Never Fade Page 47

I dropped to the damp bricks on hands and knees, slowly working my way along the length of the house until the voices became louder. My nails dug into the fabric of my pants, ears straining. Two men. One woman.

When I finally turned back around to tell the boys this, Vida was already there, crouched between Chubs and Jude. When she felt my eyes on her, she glanced up and gave an impatient jerk of her chin.

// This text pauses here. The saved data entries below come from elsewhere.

lemma emeasure_lborel_atLeast: "emeasure lborel {a::real..} = \<infinity>"
proof (rule ccontr)
  assume "emeasure lborel {a..} \<noteq> \<infinity>"
  then obtain r where r: "emeasure lborel {a..} = ennreal r" "0 \<le> r"
    using ennreal_cases[of "emeasure lborel {a..}"] by auto
  have "emeasure lborel {a..a + r + 1} \<le> emeasure lborel {a..}"
    by (intro emeasure_mono) auto
  then show False using r by (simp add: ennreal_le_iff)
qed

lemma not_set_integrable_atLeast:
  fixes f :: "real \<Rightarrow> real"
  assumes "0 < \<epsilon>" and "0 \<le> T" and "\<And>t. T \<le> t \<Longrightarrow> \<epsilon> \<le> \<bar>f t\<bar>"
  shows "\<not> set_integrable lborel {0..} f"
proof
  assume "set_integrable lborel {0..} f"
  then have "(\<integral>\<^sup>+t. norm (indicator {0..} t *\<^sub>R f t) \<partial>lborel) < \<infinity>"
    by (simp add: set_integrable_def integrable_iff_bounded)
  moreover have "(\<integral>\<^sup>+t. ennreal \<epsilon> * indicator {T..} t \<partial>lborel) \<le> (\<integral>\<^sup>+t. norm (indicator {0..} t *\<^sub>R f t) \<partial>lborel)"
    using assms by (intro nn_integral_mono) (auto simp: indicator_def)
  ultimately show False
    using \<open>0 < \<epsilon>\<close> by (simp add: nn_integral_cmult_indicator emeasure_lborel_atLeast ennreal_mult_top)
qed

section \<open>Admissible trajectories\<close>

lemma antimono_tendsto_0:
  fixes Y :: "real \<Rightarrow> real"
  assumes antimono: "\<And>s t. 0 \<le> s \<Longrightarrow> s \<le> t \<Longrightarrow> Y t \<le> Y s"
    and not_away: "\<And>\<epsilon> T. 0 < \<epsilon> \<Longrightarrow> 0 \<le> T \<Longrightarrow> \<exists>t\<ge>T. \<bar>Y t\<bar> < \<epsilon>"
  shows "(Y \<longlongrightarrow> 0) at_top"
proof (rule order_tendstoI)
  fix b :: real assume "0 < b"
  then obtain t0 where "t0 \<ge> 0" "\<bar>Y t0\<bar> < b" using not_away[of b 0] by auto
  then have "Y t < b" if "t0 \<le> t" for t
    using antimono[of t0 t] that by linarith
  then show "eventually (\<lambda>t. Y t < b) at_top"
    by (auto simp: eventually_at_top_linorder)
next
  fix a :: real assume "a < 0"
  have "a < Y T" if "0 \<le> T" for T
  proof (rule ccontr)
    assume "\<not> a < Y T"
    then have "- a \<le> \<bar>Y t\<bar>" if "T \<le> t" for t
      using antimono[OF \<open>0 \<le> T\<close> that] \<open>a < 0\<close> by linarith
    then show False using not_away[of "- a" T] \<open>a < 0\<close> that by fastforce
  qed
  then show "eventually (\<lambda>t. a < Y t) at_top"
    by (auto simp: eventually_at_top_linorder)
qed

lemma antimono_tendsto_0_nonneg:
  fixes Y :: "real \<Rightarrow> real"
  assumes "\<And>s t. 0 \<le> s \<Longrightarrow> s \<le> t \<Longrightarrow> Y t \<le> Y s" and "(Y \<longlongrightarrow> 0) at_top" and "0 \<le> t"
  shows "0 \<le> Y t"
  using assms by (intro tendsto_upperbound[of Y 0 at_top]) (auto simp: eventually_at_top_linorder)

context
  fixes \<eta> :: "real \<Rightarrow> real"
  assumes \<eta>_nonneg: "\<And>t. 0 \<le> t \<Longrightarrow> 0 \<le> \<eta> t"
    and \<eta>_integrable: "\<And>t. 0 \<le> t \<Longrightarrow> set_integrable lborel {0..t} \<eta>"
begin

lemma traj_antimono_atLeast: "0 \<le> s \<Longrightarrow> s \<le> t \<Longrightarrow> traj y \<eta> t \<le> traj y \<eta> s"
  using traj_antimono(1)[of t \<eta> s y] \<eta>_nonneg \<eta>_integrable by auto

lemma traj_le_start: "0 \<le> t \<Longrightarrow> traj y \<eta> t \<le> y"
  using traj_antimono(2)[of t \<eta> t y] \<eta>_nonneg \<eta>_integrable by auto

lemma borel_measurable_restrict_atLeast: "(\<lambda>t. \<eta> t * indicator {0..} t) \<in> borel_measurable borel"
proof (rule borel_measurable_LIMSEQ_real)
  show "(\<lambda>t. \<eta> t * indicator {0..real n} t) \<in> borel_measurable borel" for n
    using borel_measurable_integrable[OF \<eta>_integrable[of "real n", unfolded set_integrable_def]]
    by (simp add: mult.commute)
  fix t :: real
  obtain N :: nat where "t \<le> real N" using real_arch_simple by blast
  then have "\<forall>n\<ge>N. \<eta> t * indicator {0..real n} t = \<eta> t * indicator {0..} t"
    by (auto simp: indicator_def)
  then show "(\<lambda>n. \<eta> t * indicator {0..real n} t) \<longlonglongrightarrow> \<eta> t * indicator {0..} t"
    by (intro tendsto_eventually) (auto simp: eventually_sequentially)
qed

lemma borel_measurable_traj: "(\<lambda>t. traj y \<eta> (max 0 t)) \<in> borel_measurable borel"
  by (intro borel_measurable_antimono antimonoI traj_antimono_atLeast) auto

lemma nn_integral_traj_change_var_atLeast:
  fixes f :: "real \<Rightarrow> ennreal"
  assumes lim: "(traj y \<eta> \<longlongrightarrow> 0) at_top" and [measurable]: "f \<in> borel_measurable borel"
  shows "(\<integral>\<^sup>+r\<in>{0..}. \<eta> r * f (traj y \<eta> r) \<partial>lborel) = (\<integral>\<^sup>+u\<in>{0..y}. f u \<partial>lborel)"
proof -
  note [measurable] = borel_measurable_restrict_atLeast borel_measurable_traj
  have "(\<lambda>r. ennreal (\<eta> r) * f (traj y \<eta> r) * indicator {0..} r)
      = (\<lambda>r. ennreal (\<eta> r * indicator {0..} r) * f (traj y \<eta> (max 0 r)) * indicator {0..} r)"
    by (auto simp: indicator_def fun_eq_iff)
  also have "\<dots> \<in> borel_measurable borel"
    by measurable
  finally have "(\<integral>\<^sup>+r\<in>{0..}. \<eta> r * f (traj y \<eta> r) \<partial>lborel)
      = (SUP n::nat. \<integral>\<^sup>+r\<in>{0..real n}. \<eta> r * f (traj y \<eta> r) \<partial>lborel)"
    by (rule nn_integral_atLeast_SUP)
  also have "\<dots> = (SUP n::nat. \<integral>\<^sup>+u\<in>{traj y \<eta> (real n)..y}. f u \<partial>lborel)"
    using \<eta>_nonneg \<eta>_integrable by (intro SUP_cong refl nn_integral_traj_change_var) auto
  also have "\<dots> = (\<integral>\<^sup>+u\<in>{0..y}. f u \<partial>lborel)"
  proof (rule nn_integral_Icc_SUP[symmetric])
    show "decseq (\<lambda>n. traj y \<eta> (real n))"
      by (intro decseq_SucI traj_antimono_atLeast) auto
    show "0 \<le> traj y \<eta> (real n)" for n
      using lim by (intro antimono_tendsto_0_nonneg[of "traj y \<eta>"] traj_antimono_atLeast) auto
    show "(\<lambda>n. traj y \<eta> (real n)) \<longlonglongrightarrow> 0"
      using filterlim_compose[OF lim filterlim_real_sequentially] .
  qed simp
  finally show ?thesis .
qed

end

lemma admissible_speed:
  assumes "admissible m y \<eta>"
  shows "\<And>t. 0 \<le> t \<Longrightarrow> 0 \<le> \<eta> t" and "\<And>t. 0 \<le> t \<Longrightarrow> set_integrable lborel {0..t} \<eta>"
  using assms by (auto simp: admissible_def)

lemma admissible_traj_tendsto_0:
  assumes adm: "admissible m y \<eta>"
  shows "(traj y \<eta> \<longlongrightarrow> 0) at_top"
proof (rule antimono_tendsto_0)
  show "traj y \<eta> t \<le> traj y \<eta> s" if "0 \<le> s" "s \<le> t" for s t
    using traj_antimono_atLeast[OF admissible_speed[OF adm] that] .
  fix \<epsilon> T :: real assume "0 < \<epsilon>" "0 \<le> T"
  show "\<exists>t\<ge>T. \<bar>traj y \<eta> t\<bar> < \<epsilon>"
  proof (rule ccontr)
    assume "\<not> ?thesis"
    then have away: "\<And>t. T \<le> t \<Longrightarrow> \<epsilon> \<le> \<bar>traj y \<eta> t\<bar>" by (auto simp: not_less)
    have "\<not> set_integrable lborel {0..} (\<lambda>t. \<bar>traj y \<eta> t\<bar>)"
      using \<open>0 < \<epsilon>\<close> \<open>0 \<le> T\<close> away by (intro not_set_integrable_atLeast) auto
    moreover have "\<epsilon>\<^sup>2 \<le> \<bar>(traj y \<eta> t)\<^sup>2\<bar>" if "T \<le> t" for t
      using power_mono[OF away[OF that], of 2] \<open>0 < \<epsilon>\<close> by simp
    then have "\<not> set_integrable lborel {0..} (\<lambda>t. (traj y \<eta> t)\<^sup>2)"
      using \<open>0 < \<epsilon>\<close> \<open>0 \<le> T\<close> by (intro not_set_integrable_atLeast[of "\<epsilon>\<^sup>2" T]) auto
    ultimately show False using adm by (auto simp: admissible_def split: if_splits)
  qed
qed

section \<open>The inverse \<open>G\<close> of \<open>x\<^sup>2 F'(x)\<close>\<close>

locale impact_function =
  fixes F :: "real \<Rightarrow> real"
  assumes F_nonneg: "\<forall>x\<ge>0. 0 \<le> F x"
    and F_cont: "continuous_on {0..} F"
    and F_diff: "\<forall>x>0. F differentiable (at x)"
    and F'_cont: "continuous_on {0<..} (deriv F)"
    and F_zero: "F 0 = 0"
    and F_conv: "strictly_convex_on {0..} (\<lambda>x. x * F x)"
    and F_mono: "strict_mono_on {0<..} (\<lambda>x. x\<^sup>2 * deriv F x)"
    and F_lim: "filterlim (\<lambda>x. x\<^sup>2 * deriv F x) at_top at_top"
begin

definition hF :: "real \<Rightarrow> real" where "hF x = x\<^sup>2 * deriv F x"

lemma F_has_deriv: "0 < x \<Longrightarrow> (F has_real_derivative deriv F x) (at x)"
  using F_diff DERIV_deriv_iff_real_differentiable by blast

lemma hF_less: "0 < x1 \<Longrightarrow> x1 < x2 \<Longrightarrow> hF x1 < hF x2"
  using F_mono unfolding hF_def by (auto intro: strict_mono_onD)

“There are four altogether,” she whispered. “One woman, three men. They look like they’re PSFs.”

I covered Jude’s mouth with my hand. “Are they armed?”

She nodded. “The usual. What’s with this house? Why is it important enough that they installed motion sensors?”

“Sensors?” Chubs said.

“They stuck them under the roof overhang at all four corners of the house,” she said, clearly annoyed he didn’t immediately take her word for the gospel truth.

I shared a glance with Chubs, letting Jude pry my hand away from his face. Of course they would have installed something to monitor the house. If not for Liam, then for Cole. Interesting that Cole hadn’t bothered to feed her any of his brother’s back story. Maybe there just hadn’t been time.

The voices had quieted down, but I heard their heavy tread through the overgrown garden at the right end of the house. They’d be too close now for us to try to run out into the trees. There was no way they wouldn’t spot us.

With a sigh that shook his entire tall frame, Chubs stood and pushed the dangling flaps of the window screen aside. Resignation made his shoulders slump.

“Do you trust me?” he asked, seeing my expression.

“Of course.”

Jude made a small noise behind me, but I ignored it.

“Then tell your friends to get inside”—he nodded to the now open window—“and stand up. I’m going to have to handcuff you.”

Here was the nice thing about being shocked senseless: I didn’t have to pretend to be terrified. I stood there, feeling the sharp edges of the clear plastic ties cutting off my blood supply at the wrist. I let them disconnect every single thought in my head.

Who is this person? I thought, studying him closer now. He was wearing the hooded camo hunting jacket I had vaguely noticed before, a gray wool turtleneck, and a pair of faded jeans, battered by dust and long wear. Strapped to his hip was what looked like a small cell phone and a leather pouch. When we had traveled together before, he had kept all of his possessions in a battered leather briefcase he had found. That had suited him so much better than this weird…imitation of what he thought a hunter should look like.

It should have been reassuring to see him so prepared and well supplied, but, somehow, it only frightened me more.

Chubs’s hand was steady as he took my chin in his hand, turning it to and fro, inspecting the cuts and bruises from the night before with a disapproving look. The others watched from behind the closed window, Jude’s face so close it was almost pressed up against the glass.

“It might be better if you pretend to pass out,” he said.

The suggestion came just in time. As I hit the ground, I saw the flash of black as the PSFs rounded the corner.

Four. Vida had been right. The brown-haired woman was the tallest of the group, standing several inches above the men. One was an older guy, his hair puffing out in an ashy blond ring around his head. The other two were younger and looked enough alike to be brothers. All armed with standard-issue rifles, handcuffs, the works.

“Can I help you?” Chubs’s face was set in stone.

The soldiers didn’t know what to make of us, but they also didn’t lower their weapons. I was starting to put it together, though, long before Chubs began to speak again.

“What, so you’re here to swipe my score out from under my nose? Trying to weasel out of having to pay me?”

The older soldier cocked a beetled brow. “You’re a skip tracer?”

My thoughts exactly. If that was the ruse we were running with, we were in more trouble than I thought. On a good day, Chubs was about as threatening as a potted cactus.

“Here!” He reached into the leather pouch on his belt and thrust something at the PSF. It looked like a small booklet, about the size of a passport.

The old man stepped forward but turned to look back at the woman. “Take a walk around the perimeter. Make sure she was traveling alone.”

Chubs waved the booklet again as the three others took their walk. The old man sighed, glancing back and forth between Chubs’s face and whatever was written there.

“All right, Mr. Lister,” he said, passing it back to him. “Have you run this one through the database?”

“She’s not in it,” Chubs said. “She’s probably been coasting for quite some time. There aren’t any records of her.”

“Did you test her?” he asked. “If she’s Blue or Yellow, you’ll need—”

“She’s a Green,” Chubs interrupted. “Why? Want a demonstration?”

“We can take her,” the man offered. “Save you the trouble of transporting.”

“I told you, she’s not in the system,” Chubs said, the nasty edge to his voice more pronounced. “I know how this works. You can’t line up my payment if she isn’t registered. I have to go into the nearest station and do the paperwork if I want the bounty.”

The man snorted but didn’t try to deny it. “Was that car on the road yours?”